A adolescência é uma fase da vida que envolve uma maior centração do adolescente em si próprio, por todas as transformações físicas e psicológicas inerentes, mas também uma das que requer um papel mais ativo por parte dos seus cuidadores.
Quando falo em papel ativo pretendo chamar atenção para a importância de se estar presente de forma consciente na vida do adolescente, acompanhando, apoiando e normalizando todas as mudanças a que está sujeito. É uma verdade que nem todos os adolescentes recorrem aos pais para falarem sobre o que se passa nas suas vidas, apoiando-se mais no grupo de amigos ou noutros familiares – e deve estar tudo bem com isso.
Podem ser muitas as razões pelas quais isto acontece, como o medo por parte do adolescente em desiludir ou preocupar as suas figuras de vinculação. No entanto, mais importante que desabafar com os pais, é saberem que têm a quem recorrer quando precisarem de o fazer, seja um amigo/a, tio/a, primo/a, professor/a, psicólogo/a, etc.
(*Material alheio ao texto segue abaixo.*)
lemma cyclic_orbit_eq:
  assumes b: "b \<in> carrier A" "fixed_point_free b" and U: "U \<in> carrier Q - {\<one>\<^bsub>Q\<^esub>}"
    and V: "V \<in> cyclic_orbit b U"
  shows "cyclic_orbit b V = cyclic_orbit b U"
proof -
  obtain i :: nat where i: "V = psi (b [^]\<^bsub>A\<^esub> i) U"
    using V unfolding cyclic_orbit_def by blast
  have "psi (b [^]\<^bsub>A\<^esub> k) V \<in> cyclic_orbit b U" for k :: nat
    using U b i psi_pow_compose[of b U k i] pow_mod_p[OF b(1), of "k + i"] p_pos
    by (auto simp: cyclic_orbit_def)
  then have "cyclic_orbit b V \<subseteq> cyclic_orbit b U"
    by (auto simp: cyclic_orbit_def)
  moreover have "card (cyclic_orbit b V) = card (cyclic_orbit b U)"
    using card_cyclic_orbit[OF b] cyclic_orbit_subset[OF b(1) U] U V by auto
  ultimately show ?thesis
    by (intro card_subset_eq) (simp_all add: cyclic_orbit_def)
qed

lemma prime_dvd_card_minus_one:
  assumes b: "b \<in> carrier A" "fixed_point_free b"
  shows "p dvd card (carrier Q) - 1"
proof -
  let ?X = "carrier Q - {\<one>\<^bsub>Q\<^esub>}"
  have "?X = \<Union>(cyclic_orbit b ` ?X)"
    using cyclic_orbit_subset[OF b(1)] cyclic_orbit_self by blast
  moreover have "p dvd card (\<Union>(cyclic_orbit b ` ?X))"
  proof (rule dvd_partition)
    show "finite (\<Union>(cyclic_orbit b ` ?X))"
      by (simp add: cyclic_orbit_def finite_Q)
    show "\<forall>c\<in>cyclic_orbit b ` ?X. p dvd card c"
      using card_cyclic_orbit[OF b] by auto
    show "\<forall>c1\<in>cyclic_orbit b ` ?X. \<forall>c2\<in>cyclic_orbit b ` ?X. c1 \<noteq> c2 \<longrightarrow> c1 \<inter> c2 = {}"
      using cyclic_orbit_eq[OF b] by blast
  qed
  ultimately show ?thesis
    using finite_Q by (simp add: card_Diff_singleton)
qed

lemma carrier_trivial:
  assumes a: "a \<in> carrier A" and b: "b \<in> carrier A" "fixed_point_free b"
    and ab: "\<And>j. j < p \<Longrightarrow> fixed_point_free (a \<otimes>\<^bsub>A\<^esub> b [^]\<^bsub>A\<^esub> j)"
  shows "carrier Q = {\<one>\<^bsub>Q\<^esub>}"
proof (rule ccontr)
  assume "carrier Q \<noteq> {\<one>\<^bsub>Q\<^esub>}"
  then obtain U where U: "U \<in> carrier Q" "U \<noteq> \<one>\<^bsub>Q\<^esub>"
    by blast
  have "Q.ord U dvd p"
    using pow_p_eq_one[OF a b ab U(1)] U by (simp add: Q.pow_eq_id)
  moreover have "Q.ord U \<noteq> 1"
    using U Q.ord_eq_1 by blast
  ultimately have "p dvd card (carrier Q)"
    using prime_p Q.ord_dvd_group_order[OF U(1)] by (auto simp: prime_nat_iff order_def)
  moreover have "card (carrier Q) \<noteq> 0"
    using finite_Q U by auto
  ultimately have "p dvd 1"
    using prime_dvd_card_minus_one[OF b] by (metis dvd_diff_nat diff_diff_cancel less_one not_le)
  then show False
    using prime_p by simp
qed

end

section \<open>Actions by automorphisms and invariant subgroups\<close>

locale aut_action = G: group G + A: comm_group A
  for G :: "('a, 'c) monoid_scheme" and A :: "('b, 'd) monoid_scheme" +
  fixes phi :: "'b \<Rightarrow> 'a \<Rightarrow> 'a"
  assumes phi_AutoGroup: "phi \<in> hom A (AutoGroup G)"
begin

lemma phi_auto: "x \<in> carrier A \<Longrightarrow> phi x \<in> auto G"
  using phi_AutoGroup by (auto simp: hom_def AutoGroup_def)

lemma phi_group_hom: "x \<in> carrier A \<Longrightarrow> group_hom G G (phi x)"
  using phi_auto by (simp add: auto_def group_hom_def group_hom_axioms_def G.group_axioms)

lemma phi_closed [simp]: "x \<in> carrier A \<Longrightarrow> g \<in> carrier G \<Longrightarrow> phi x g \<in> carrier G"
  using group_hom.hom_closed[OF phi_group_hom] .

lemma phi_mult: "\<lbrakk>x \<in> carrier A; g \<in> carrier G; h \<in> carrier G\<rbrakk> \<Longrightarrow>
    phi x (g \<otimes>\<^bsub>G\<^esub> h) = phi x g \<otimes>\<^bsub>G\<^esub> phi x h"
  using group_hom.hom_mult[OF phi_group_hom] .

lemma phi_inv: "x \<in> carrier A \<Longrightarrow> g \<in> carrier G \<Longrightarrow> phi x (inv\<^bsub>G\<^esub> g) = inv\<^bsub>G\<^esub> phi x g"
  using group_hom.hom_inv[OF phi_group_hom] .

lemma phi_one [simp]: "x \<in> carrier A \<Longrightarrow> phi x \<one>\<^bsub>G\<^esub> = \<one>\<^bsub>G\<^esub>"
  using group_hom.hom_one[OF phi_group_hom] .

lemma phi_compose: "\<lbrakk>x \<in> carrier A; y \<in> carrier A; g \<in> carrier G\<rbrakk> \<Longrightarrow>
    phi (x \<otimes>\<^bsub>A\<^esub> y) g = phi x (phi y g)"
  using phi_AutoGroup phi_auto
  by (simp add: hom_def AutoGroup_def BijGroup_def auto_def compose_def)

lemma phi_unit: "g \<in> carrier G \<Longrightarrow> phi \<one>\<^bsub>A\<^esub> g = g"
proof -
  interpret group_hom A "AutoGroup G" phi
    using phi_AutoGroup
    by (simp add: group_hom_def group_hom_axioms_def A.group_axioms G.AutoGroup)
  show "g \<in> carrier G \<Longrightarrow> phi \<one>\<^bsub>A\<^esub> g = g"
    by (simp add: AutoGroup_def BijGroup_def)
qed

lemma phi_commute: "\<lbrakk>x \<in> carrier A; y \<in> carrier A; g \<in> carrier G\<rbrakk> \<Longrightarrow>
    phi x (phi y g) = phi y (phi x g)"
  by (metis phi_compose A.m_comm)

definition invariant :: "'a set \<Rightarrow> bool" where
  "invariant H \<longleftrightarrow> subgroup H G \<and> (\<forall>x\<in>carrier A. phi x ` H \<subseteq> H)"

lemma invariant_subset: "invariant H \<Longrightarrow> H \<subseteq> carrier G"
  by (simp add: invariant_def subgroup.subset)

lemma invariant_carrier: "invariant (carrier G)"
  by (auto simp: invariant_def G.subgroup_self)

lemma invariant_image:
  assumes H: "invariant H" and x: "x \<in> carrier A"
  shows "phi x ` H = H"
proof
  show "phi x ` H \<subseteq> H"
    using H x by (simp add: invariant_def)
  show "H \<subseteq> phi x ` H"
  proof
    fix h assume h: "h \<in> H"
    then have "phi (inv\<^bsub>A\<^esub> x) h \<in> H"
      using H x by (auto simp: invariant_def)
    moreover have "h = phi x (phi (inv\<^bsub>A\<^esub> x) h)"
      using h x invariant_subset[OF H] by (auto simp: phi_compose[symmetric] phi_unit)
    ultimately show "h \<in> phi x ` H"
      by blast
  qed
qed

lemma invariant_generate:
  assumes S: "S \<subseteq> carrier G" and inv: "\<And>x. x \<in> carrier A \<Longrightarrow> phi x ` S \<subseteq> S"
  shows "invariant (generate G S)"
  unfolding invariant_def
proof (intro conjI ballI)
  fix x assume x: "x \<in> carrier A"
  have "phi x ` generate G S = generate G (phi x ` S)"
    using group_hom.generate_img[OF phi_group_hom[OF x] S] ..
  also have "\<dots> \<subseteq> generate G S"
    using inv[OF x] S by (intro G.mono_generate)
  finally show "phi x ` generate G S \<subseteq> generate G S" .
qed (rule G.generate_is_subgroup[OF S])

lemma invariant_fixed_points:
  assumes H: "invariant H" and B: "B \<subseteq> carrier A"
  shows "invariant (fixed_points G phi B H)"
proof -
  have sub: "H \<subseteq> carrier G" "subgroup H G"
    using H by (auto simp: invariant_def subgroup.subset)
  have "subgroup (fixed_points G phi B H) G"
  proof
    fix g h assume g: "g \<in> fixed_points G phi B H" and h: "h \<in> fixed_points G phi B H"
    have "g \<in> carrier G" "h \<in> carrier G"
      using g h sub(1) by (auto simp: fixed_points_def)
    then show "g \<otimes>\<^bsub>G\<^esub> h \<in> fixed_points G phi B H" "inv\<^bsub>G\<^esub> g \<in> fixed_points G phi B H"
      using g h sub(2) B by (auto simp: fixed_points_def phi_mult phi_inv subgroup.m_closed
          subgroup.m_inv_closed dest: subsetD)
  qed (use sub B in \<open>auto simp: fixed_points_def subgroup.one_closed dest: subsetD\<close>)
  moreover have "phi x ` fixed_points G phi B H \<subseteq> fixed_points G phi B H"
    if x: "x \<in> carrier A" for x
  proof
    fix g assume "g \<in> phi x ` fixed_points G phi B H"
    then obtain h where h: "h \<in> H" "\<forall>b\<in>B. phi b h = h" and g: "g = phi x h"
      by (auto simp: fixed_points_def)
    have "phi b g = g" if "b \<in> B" for b
      using that h g x B sub(1) phi_commute[of b x h] by (auto dest: subsetD)
    moreover have "g \<in> H"
      using H x h g by (auto simp: invariant_def)
    ultimately show "g \<in> fixed_points G phi B H"
      by (simp add: fixed_points_def)
  qed
  ultimately show ?thesis
    by (simp add: invariant_def)
qed

lemma action_commutator_subset:
  assumes H: "invariant H" and B: "B \<subseteq> carrier A"
  shows "action_commutator G phi H B \<subseteq> H"
  unfolding action_commutator_def
  using H B by (intro G.generate_subgroup_incl)
    (auto simp: invariant_def subgroup.m_closed subgroup.m_inv_closed subset_iff)

lemma invariant_action_commutator:
  assumes H: "invariant H" and B: "B \<subseteq> carrier A"
  shows "invariant (action_commutator G phi H B)"
  unfolding action_commutator_def
proof (rule invariant_generate)
  show "{inv\<^bsub>G\<^esub> h \<otimes>\<^bsub>G\<^esub> phi b h |h b. h \<in> H \<and> b \<in> B} \<subseteq> carrier G"
    using invariant_subset[OF H] B by (blast intro: G.m_closed G.inv_closed phi_closed)
  fix x assume x: "x \<in> carrier A"
  have "phi x (inv\<^bsub>G\<^esub> h \<otimes>\<^bsub>G\<^esub> phi b h) = inv\<^bsub>G\<^esub> phi x h \<otimes>\<^bsub>G\<^esub> phi b (phi x h)"
    if "h \<in> H" "b \<in> B" for h b
  proof -
    have "h \<in> carrier G" "b \<in> carrier A"
      using that B invariant_subset[OF H] by auto
    then show ?thesis
      using x by (simp add: phi_mult phi_inv phi_commute)
  qed
  then show "phi x ` {inv\<^bsub>G\<^esub> h \<otimes>\<^bsub>G\<^esub> phi b h |h b. h \<in> H \<and> b \<in> B}
      \<subseteq> {inv\<^bsub>G\<^esub> h \<otimes>\<^bsub>G\<^esub> phi b h |h b. h \<in> H \<and> b \<in> B}"
    using H x by (auto simp: invariant_def) blast
qed

lemma derived_image:
  assumes H: "invariant H" and x: "x \<in> carrier A"
  shows "phi x ` derived G H = derived G H"
  using group_hom.derived_img[OF phi_group_hom[OF x] invariant_subset[OF H]]
  by (simp add: invariant_image[OF H x])


definition pointwise_stabilizer where
  "pointwise_stabilizer H = {x \<in> carrier A. \<forall>h\<in>H. phi x h = h}"

lemma subgroup_pointwise_stabilizer:
  assumes H: "H \<subseteq> carrier G"
  shows "subgroup (pointwise_stabilizer H) A"
proof
  fix x y assume x: "x \<in> pointwise_stabilizer H" and y: "y \<in> pointwise_stabilizer H"
  then show "x \<otimes>\<^bsub>A\<^esub> y \<in> pointwise_stabilizer H"
    using H by (auto simp: pointwise_stabilizer_def phi_compose)
  have "phi (inv\<^bsub>A\<^esub> x) h = h" if h: "h \<in> H" for h
  proof -
    have "h \<in> carrier G" "x \<in> carrier A" "phi x h = h"
      using x h H by (auto simp: pointwise_stabilizer_def)
    then show ?thesis
      using phi_compose[of "inv\<^bsub>A\<^esub> x" x h] by (simp add: phi_unit)
  qed
  then show "inv\<^bsub>A\<^esub> x \<in> pointwise_stabilizer H"
    using x by (simp add: pointwise_stabilizer_def)
qed (use H in \<open>auto simp: pointwise_stabilizer_def phi_unit\<close>)

end

section \<open>The induced action on H/H'\<close>

locale invariant_quotient = aut_action +
  fixes H
  assumes invariant_H: "invariant H"
begin

abbreviation "N \<equiv> derived G H"
abbreviation "Q \<equiv> G\<lparr>carrier := H\<rparr> Mod N"

definition quotient_map where
  "quotient_map h = N #>\<^bsub>G\<^esub> h"

definition induced where
  "induced x U = phi x ` U"

lemma phi_in_H: "x \<in> carrier A \<Longrightarrow> h \<in> H \<Longrightarrow> phi x h \<in> H"
  using invariant_H by (auto simp: invariant_def)

lemma subgroup_H: "subgroup H G"
  using invariant_H by (simp add: invariant_def)

lemma H_subset: "H \<subseteq> carrier G"
  using invariant_subset[OF invariant_H] .

lemma N_subset: "N \<subseteq> H"
  using G.derived_incl[OF subset_refl subgroup_H] .

lemma comm_group_Q: "comm_group Q"
  using G.derived_quot_of_subgroup_is_comm_group[OF subgroup_H] .

lemma quotient_map_group_hom: "group_hom (G\<lparr>carrier := H\<rparr>) Q quotient_map"
proof -
  interpret normal N "G\<lparr>carrier := H\<rparr>"
    using G.derived_subgroup_is_normal[OF subgroup_H] .
  have "quotient_map = (\<lambda>h. N #>\<^bsub>G\<lparr>carrier := H\<rparr>\<^esub> h)"
    by (simp add: fun_eq_iff quotient_map_def r_coset_def)
  then show ?thesis
    using r_coset_hom_Mod comm_group.axioms(2)[OF comm_group_Q]
    by (simp add: group_hom_def group_hom_axioms_def is_group)
qed

lemma carrier_Q: "carrier Q = quotient_map ` H"
  by (simp add: carrier_FactGroup quotient_map_def)

lemma quotient_map_mult: "h \<in> H \<Longrightarrow> k \<in> H \<Longrightarrow>
    quotient_map (h \<otimes>\<^bsub>G\<^esub> k) = quotient_map h \<otimes>\<^bsub>Q\<^esub> quotient_map k"
  using group_hom.hom_mult[OF quotient_map_group_hom] by simp

lemma quotient_map_inv: "h \<in> H \<Longrightarrow> quotient_map (inv\<^bsub>G\<^esub> h) = inv\<^bsub>Q\<^esub> quotient_map h"
  using group_hom.hom_inv[OF quotient_map_group_hom] G.m_inv_consistent[OF subgroup_H] by simp

lemma quotient_map_eq_one: "h \<in> H \<Longrightarrow> quotient_map h = \<one>\<^bsub>Q\<^esub> \<Longrightarrow> h \<in> N"
  using group.rcos_self[OF G.subgroup_imp_group[OF subgroup_H], of h N]
    normal.axioms(1)[OF G.derived_subgroup_is_normal[OF subgroup_H]]
  by (simp add: quotient_map_def)

lemma induced_quotient_map:
  assumes x: "x \<in> carrier A" and h: "h \<in> H"
  shows "induced x (quotient_map h) = quotient_map (phi x h)"
proof -
  have "phi x (n \<otimes>\<^bsub>G\<^esub> h) = phi x n \<otimes>\<^bsub>G\<^esub> phi x h" if "n \<in> N" for n
    using that N_subset H_subset x h by (intro phi_mult) auto
  then have "phi x ` (N #>\<^bsub>G\<^esub> h) = (phi x ` N) #>\<^bsub>G\<^esub> phi x h"
    by (auto simp: r_coset_def) (metis UN_iff singletonI image_eqI)
  then show ?thesis
    by (simp add: induced_def quotient_map_def derived_image[OF invariant_H x])
qed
Estar presente ativamente é também mostrar-se disponível para ouvir sem julgar. Por vezes, há uma tendência dos pais para desvalorizar certos desabafos por parte dos adolescentes que lhes parecem insignificantes ou até mesmo fazer juízos de valor acerca daquilo que o adolescente está a sentir. Porém, sem empatia, não há conexão. Mais importante que dar a sua opinião, é saber ouvir; mostrar ao adolescente que, independentemente dos seus problemas/receios, o pai/a mãe vão estar disponíveis para o ajudar.
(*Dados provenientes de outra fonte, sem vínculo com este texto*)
lemma div_one_plus_chord_le:
  fixes y y' w w' :: real
  assumes "0 \<le> y" "0 \<le> w" "w \<le> w'"
  shows "\<bar>w'/(1 + w') * y' - w/(1 + w) * y\<bar> \<le> \<bar>y' - y\<bar> + y * (w' - w)"
proof -
  define J J' where "J = w/(1 + w)" and "J' = w'/(1 + w')"
  have J': "0 \<le> J'" "J' \<le> 1" unfolding J'_def using assms by (auto simp: divide_le_eq)
  have "J' - J = (w' - w)/((1 + w)*(1 + w'))"
    unfolding J_def J'_def using assms by (simp add: field_simps)
  moreover have "1 \<le> (1 + w)*(1 + w')"
    using assms by (simp add: algebra_simps add_increasing)
  ultimately have JJ: "0 \<le> J' - J" "J' - J \<le> w' - w"
    using assms by (auto simp: divide_le_eq mult_le_cancel_left1 intro: order_trans[rotated])
  have "\<bar>J'*(y' - y)\<bar> \<le> \<bar>y' - y\<bar>" using J' by (simp add: abs_mult mult_left_le_one_le)
  moreover have "\<bar>y*(J' - J)\<bar> \<le> y*(w' - w)" using JJ assms by (simp add: abs_mult mult_left_mono)
  moreover have "J'*y' - J*y = J'*(y' - y) + y*(J' - J)" by (simp add: algebra_simps)
  ultimately show ?thesis unfolding J_def[symmetric] J'_def[symmetric] by linarith
qed

lemma one_minus_div_one_plus_bounds:
  fixes n :: real assumes "0 \<le> n" "n \<le> 1/2"
  shows "1 - 2*n \<le> (1 - n)/(1 + n)" "(1 - n)/(1 + n) \<le> 1 - n" "n/(1 - n) \<le> 2*n"
proof -
  have nn: "n*n \<le> n/2" using mult_left_mono[of n "1/2" n] assms by simp
  have "(1 - 2*n)*(1 + n) \<le> 1 - n" using assms nn by (simp add: algebra_simps)
  then show "1 - 2*n \<le> (1 - n)/(1 + n)" using assms by (simp add: pos_le_divide_eq)
  have "1 - n \<le> (1 - n)*(1 + n)" using assms nn by (simp add: algebra_simps)
  then show "(1 - n)/(1 + n) \<le> 1 - n" using assms by (simp add: pos_divide_le_eq)
  have "n \<le> 2*n*(1 - n)" using assms nn by (simp add: algebra_simps)
  then show "n/(1 - n) \<le> 2*n" using assms by (simp add: pos_divide_le_eq)
qed

lemma one_minus_div_one_plus_chord_ge:
  fixes x x' n n' :: real
  assumes "0 \<le> x" "x \<le> x'" "0 \<le> n'" "n' \<le> n" "n \<le> 1/1000"
  shows "998/1000 * (x' - x) + 199/100 * x * (n - n') \<le> (1 - n')/(1 + n') * x' - (1 - n)/(1 + n) * x"
proof -
  define G G' where "G = (1 - n)/(1 + n)" and "G' = (1 - n')/(1 + n')"
  have den: "0 < (1 + n)*(1 + n')" "(1 + n)*(1 + n') \<le> 10021/10000"
    using assms mult_mono[of "1 + n" "1 + 1/1000" "1 + n'" "1 + 1/1000"] by auto
  have "G' - G = 2*(n - n')/((1 + n)*(1 + n'))"
    unfolding G_def G'_def using assms by (simp add: field_simps)
  also have "\<dots> \<ge> 199/100 * (n - n')"
  proof -
    have "199/100 * (n - n') * ((1 + n)*(1 + n')) \<le> 199/100 * (n - n') * (10021/10000)"
      using den assms by (intro mult_left_mono) auto
    also have "\<dots> \<le> 2*(n - n')" using assms by simp
    finally show ?thesis by (subst pos_le_divide_eq[OF den(1)])
  qed
  finally have "x * (199/100 * (n - n')) \<le> x * (G' - G)" using assms by (intro mult_left_mono) auto
  moreover have "998/1000 \<le> G'" unfolding G'_def using assms by (simp add: pos_le_divide_eq)
  then have "(x' - x) * (998/1000) \<le> (x' - x) * G'" using assms by (intro mult_left_mono) auto
  moreover have "G'*x' - G*x = (x' - x)*G' + x*(G' - G)" by (simp add: algebra_simps)
  moreover have "199/100 * x * (n - n') = x * (199/100 * (n - n'))" by simp
  ultimately show ?thesis unfolding G_def[symmetric] G'_def[symmetric] by linarith
qed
Mostrar curiosidade sobre a vida do adolescente (sem ser intrusivo) também é fundamental. Os pais podem fazê-lo, mostrando interesse em conhecer o seu grupo de amigos, acompanhando os filhos em eventos/atividades, festejando as suas vitórias, partilhando com os filhos acontecimentos/histórias da sua própria adolescência, entre outros. Não é esperado que a curiosidade se torne numa tentativa de controlar o que se passa na vida do seu adolescente, mas sim uma forma de potenciar a vossa ligação.
Partilhe com o seu adolescente aquilo que está a sentir, o que o preocupa. Mostrar aos seus filhos que também é humano, que também tem sentimentos, emoções, preocupações, que também erra e que também pede desculpa, não só revela que não é perfeito e que todos estamos em constante evolução e desenvolvimento, como também é possibilitador de sentimentos como a empatia, a confiança e a conexão.
Esteja atento aos sinais. Quando algo não está bem, por mais que se tente esconder, o nosso corpo dá sinais e, nesse sentido, deve estar a atento e oferecer ajuda. Um sinal pode ser qualquer mudança que considere significativa a nível do humor, mais deprimido e/ou mais ansioso, a nível do apetite, baixo ou alto, problemas do sono, baixo rendimento escolar, falta de prazer em realizar atividades que antes apreciava, entre outras alterações.
Por fim, aposte nos momentos em família ou de pai/mãe para filho/a, para que juntos possam ter momentos prazerosos e de relaxamento, mas também momentos em que conversam sobre assuntos sérios que possam estar a acontecer no Mundo ou na vida de cada um. Esteja atento às opiniões, sentimentos e atitudes do seu filho e esteja disposto a acolhê-los com sensibilidade, ajudando-o a ver outras perspetivas, mas sem nunca desvalorizar a do próprio.